lemma interval_integrable_besselI_weight:
  fixes \<nu> \<sigma> C Y :: real and G :: "real \<Rightarrow> real"
  assumes \<nu>: "\<nu> > -1/2" and \<sigma>: "\<sigma> > 0" and G: "continuous_on UNIV G" "\<And>t. \<bar>G t\<bar> \<le> C" and Y: "Y > 0"
  shows "interval_lebesgue_integrable lborel (ereal 0) (ereal Y) (\<lambda>t. \<bar>t\<bar> powr \<nu> * besselI \<nu> (\<bar>t\<bar> / \<sigma>) * G t)"
proof -
  define \<phi> where "\<phi> t = \<bar>t\<bar> powr \<nu> * besselI \<nu> (\<bar>t\<bar> / \<sigma>) * G t" for t
  define M where "M = C * besselI_series \<nu> 0 ((Y / \<sigma> / 2)\<^sup>2) / (2 * \<sigma>) powr \<nu>"
  have "set_integrable lborel {0<..<Y} \<phi>"
  proof (rule set_integrable_bound)
    show "set_integrable lborel {0<..<Y} (\<lambda>t. M * t powr (2 * \<nu>))"
      using set_integrable_powr_Ioc_0[of "2 * \<nu>" Y] \<nu> Y
      by (intro set_integrable_mult_right) (auto intro: set_integrable_subset)
    show "set_borel_measurable lborel {0<..<Y} \<phi>"
      unfolding \<phi>_def using continuous_on_besselI_weight[of \<nu> \<sigma> G] \<nu> \<sigma> G(1)
      by (intro set_borel_measurable_continuous_on) (auto intro: continuous_on_subset)
    have "\<bar>\<phi> t\<bar> \<le> M * t powr (2 * \<nu>)" if t: "t \<in> {0<..<Y}" for t
    proof -
      have "\<bar>\<phi> t\<bar> = t powr \<nu> * besselI \<nu> (t / \<sigma>) * \<bar>G t\<bar>"
        using t \<nu> \<sigma> besselI_nonneg[of \<nu> "t / \<sigma>"] by (simp add: \<phi>_def abs_mult)
      also have "\<dots> \<le> t powr \<nu> * ((t / \<sigma> / 2) powr \<nu> * besselI_series \<nu> 0 ((Y / \<sigma> / 2)\<^sup>2)) * C"
        using t \<nu> \<sigma> G(2)[of t] besselI_nonneg[of \<nu> "t / \<sigma>"] besselI_series_nonneg[of \<nu> _ 0]
        by (intro mult_mono besselI_le_powr divide_right_mono) auto
      also have "\<dots> = M * (t powr \<nu> * t powr \<nu>)"
      proof -
        have "(t / \<sigma> / 2) powr \<nu> = t powr \<nu> / (2 * \<sigma>) powr \<nu>"
          using t \<sigma> by (simp add: powr_divide mult.commute)
        then show ?thesis
          by (simp add: M_def)
      qed
      also have "t powr \<nu> * t powr \<nu> = t powr (2 * \<nu>)"
        by (simp add: powr_add[symmetric])
      finally show ?thesis .
    qed
    moreover have "M \<ge> 0"
      using G(2)[of 0] \<nu> by (simp add: M_def besselI_series_nonneg)
    ultimately show "AE t in lborel. t \<in> {0<..<Y} \<longrightarrow> norm (\<phi> t) \<le> norm (M * t powr (2 * \<nu>))"
      by (simp add: abs_mult)
  qed
  moreover have "einterval (ereal 0) (ereal Y) = {0<..<Y}"
    by (auto simp: einterval_iff)
  ultimately show ?thesis
    unfolding interval_lebesgue_integrable_def \<phi>_def using Y by simp
qed

lemma has_real_derivative_besselI_integral:
  fixes \<nu> \<sigma> C y :: real and G :: "real \<Rightarrow> real"
  assumes \<nu>: "\<nu> > -1/2" and \<sigma>: "\<sigma> > 0" and G: "continuous_on UNIV G" "\<And>t. \<bar>G t\<bar> \<le> C" and y: "y > 0"
  shows "((\<lambda>Y. LBINT t=0..ereal Y. \<bar>t\<bar> powr \<nu> * besselI \<nu> (\<bar>t\<bar> / \<sigma>) * G t)
           has_real_derivative \<bar>y\<bar> powr \<nu> * besselI \<nu> (\<bar>y\<bar> / \<sigma>) * G y) (at y)"
  using has_real_derivative_interval_integral_upper[OF continuous_on_besselI_weight
      interval_integrable_besselI_weight[OF \<nu> \<sigma> G] y] \<nu> \<sigma> G(1)
  by (simp add: zero_ereal_def)

lemma continuous_on_besselK_weight:
  fixes \<nu> \<sigma> :: real and G :: "real \<Rightarrow> real"
  assumes "\<sigma> > 0" "continuous_on UNIV G"
  shows "continuous_on {0<..} (\<lambda>t. \<bar>t\<bar> powr \<nu> * besselK \<nu> (\<bar>t\<bar> / \<sigma>) * G t)"
proof -
  have "continuous_on {0<..} (\<lambda>t. t powr \<nu> * K_moment 0 \<nu> (t / \<sigma>) * G t)"
    using assms by (intro continuous_intros continuous_on_compose2[OF continuous_on_K_moment]
        continuous_on_subset[OF assms(2)]) auto
  then show ?thesis
    by (rule continuous_on_eq) (simp add: besselK_eq_K_moment)
qed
---------------
Exactly as written, restate every line of the listing above.

lemma interval_integrable_besselI_weight:
  fixes \<nu> \<sigma> C Y :: real and G :: "real \<Rightarrow> real"
  assumes \<nu>: "\<nu> > -1/2" and \<sigma>: "\<sigma> > 0" and G: "continuous_on UNIV G" "\<And>t. \<bar>G t\<bar> \<le> C" and Y: "Y > 0"
  shows "interval_lebesgue_integrable lborel (ereal 0) (ereal Y) (\<lambda>t. \<bar>t\<bar> powr \<nu> * besselI \<nu> (\<bar>t\<bar> / \<sigma>) * G t)"
proof -
  define \<phi> where "\<phi> t = \<bar>t\<bar> powr \<nu> * besselI \<nu> (\<bar>t\<bar> / \<sigma>) * G t" for t
  define M where "M = C * besselI_series \<nu> 0 ((Y / \<sigma> / 2)\<^sup>2) / (2 * \<sigma>) powr \<nu>"
  have "set_integrable lborel {0<..<Y} \<phi>"
  proof (rule set_integrable_bound)
    show "set_integrable lborel {0<..<Y} (\<lambda>t. M * t powr (2 * \<nu>))"
      using set_integrable_powr_Ioc_0[of "2 * \<nu>" Y] \<nu> Y
      by (intro set_integrable_mult_right) (auto intro: set_integrable_subset)
    show "set_borel_measurable lborel {0<..<Y} \<phi>"
      unfolding \<phi>_def using continuous_on_besselI_weight[of \<nu> \<sigma> G] \<nu> \<sigma> G(1)
      by (intro set_borel_measurable_continuous_on) (auto intro: continuous_on_subset)
    have "\<bar>\<phi> t\<bar> \<le> M * t powr (2 * \<nu>)" if t: "t \<in> {0<..<Y}" for t
    proof -
      have "\<bar>\<phi> t\<bar> = t powr \<nu> * besselI \<nu> (t / \<sigma>) * \<bar>G t\<bar>"
        using t \<nu> \<sigma> besselI_nonneg[of \<nu> "t / \<sigma>"] by (simp add: \<phi>_def abs_mult)
      also have "\<dots> \<le> t powr \<nu> * ((t / \<sigma> / 2) powr \<nu> * besselI_series \<nu> 0 ((Y / \<sigma> / 2)\<^sup>2)) * C"
        using t \<nu> \<sigma> G(2)[of t] besselI_nonneg[of \<nu> "t / \<sigma>"] besselI_series_nonneg[of \<nu> _ 0]
        by (intro mult_mono besselI_le_powr divide_right_mono) auto
      also have "\<dots> = M * (t powr \<nu> * t powr \<nu>)"
      proof -
        have "(t / \<sigma> / 2) powr \<nu> = t powr \<nu> / (2 * \<sigma>) powr \<nu>"
          using t \<sigma> by (simp add: powr_divide mult.commute)
        then show ?thesis
          by (simp add: M_def)
      qed
      also have "t powr \<nu> * t powr \<nu> = t powr (2 * \<nu>)"
        by (simp add: powr_add[symmetric])
      finally show ?thesis .
    qed
    moreover have "M \<ge> 0"
      using G(2)[of 0] \<nu> by (simp add: M_def besselI_series_nonneg)
    ultimately show "AE t in lborel. t \<in> {0<..<Y} \<longrightarrow> norm (\<phi> t) \<le> norm (M * t powr (2 * \<nu>))"
      by (simp add: abs_mult)
  qed
  moreover have "einterval (ereal 0) (ereal Y) = {0<..<Y}"
    by (auto simp: einterval_iff)
  ultimately show ?thesis
    unfolding interval_lebesgue_integrable_def \<phi>_def using Y by simp
qed

lemma has_real_derivative_besselI_integral:
  fixes \<nu> \<sigma> C y :: real and G :: "real \<Rightarrow> real"
  assumes \<nu>: "\<nu> > -1/2" and \<sigma>: "\<sigma> > 0" and G: "continuous_on UNIV G" "\<And>t. \<bar>G t\<bar> \<le> C" and y: "y > 0"
  shows "((\<lambda>Y. LBINT t=0..ereal Y. \<bar>t\<bar> powr \<nu> * besselI \<nu> (\<bar>t\<bar> / \<sigma>) * G t)
           has_real_derivative \<bar>y\<bar> powr \<nu> * besselI \<nu> (\<bar>y\<bar> / \<sigma>) * G y) (at y)"
  using has_real_derivative_interval_integral_upper[OF continuous_on_besselI_weight
      interval_integrable_besselI_weight[OF \<nu> \<sigma> G] y] \<nu> \<sigma> G(1)
  by (simp add: zero_ereal_def)

lemma continuous_on_besselK_weight:
  fixes \<nu> \<sigma> :: real and G :: "real \<Rightarrow> real"
  assumes "\<sigma> > 0" "continuous_on UNIV G"
  shows "continuous_on {0<..} (\<lambda>t. \<bar>t\<bar> powr \<nu> * besselK \<nu> (\<bar>t\<bar> / \<sigma>) * G t)"
proof -
  have "continuous_on {0<..} (\<lambda>t. t powr \<nu> * K_moment 0 \<nu> (t / \<sigma>) * G t)"
    using assms by (intro continuous_intros continuous_on_compose2[OF continuous_on_K_moment]
        continuous_on_subset[OF assms(2)]) auto
  then show ?thesis
    by (rule continuous_on_eq) (simp add: besselK_eq_K_moment)
qed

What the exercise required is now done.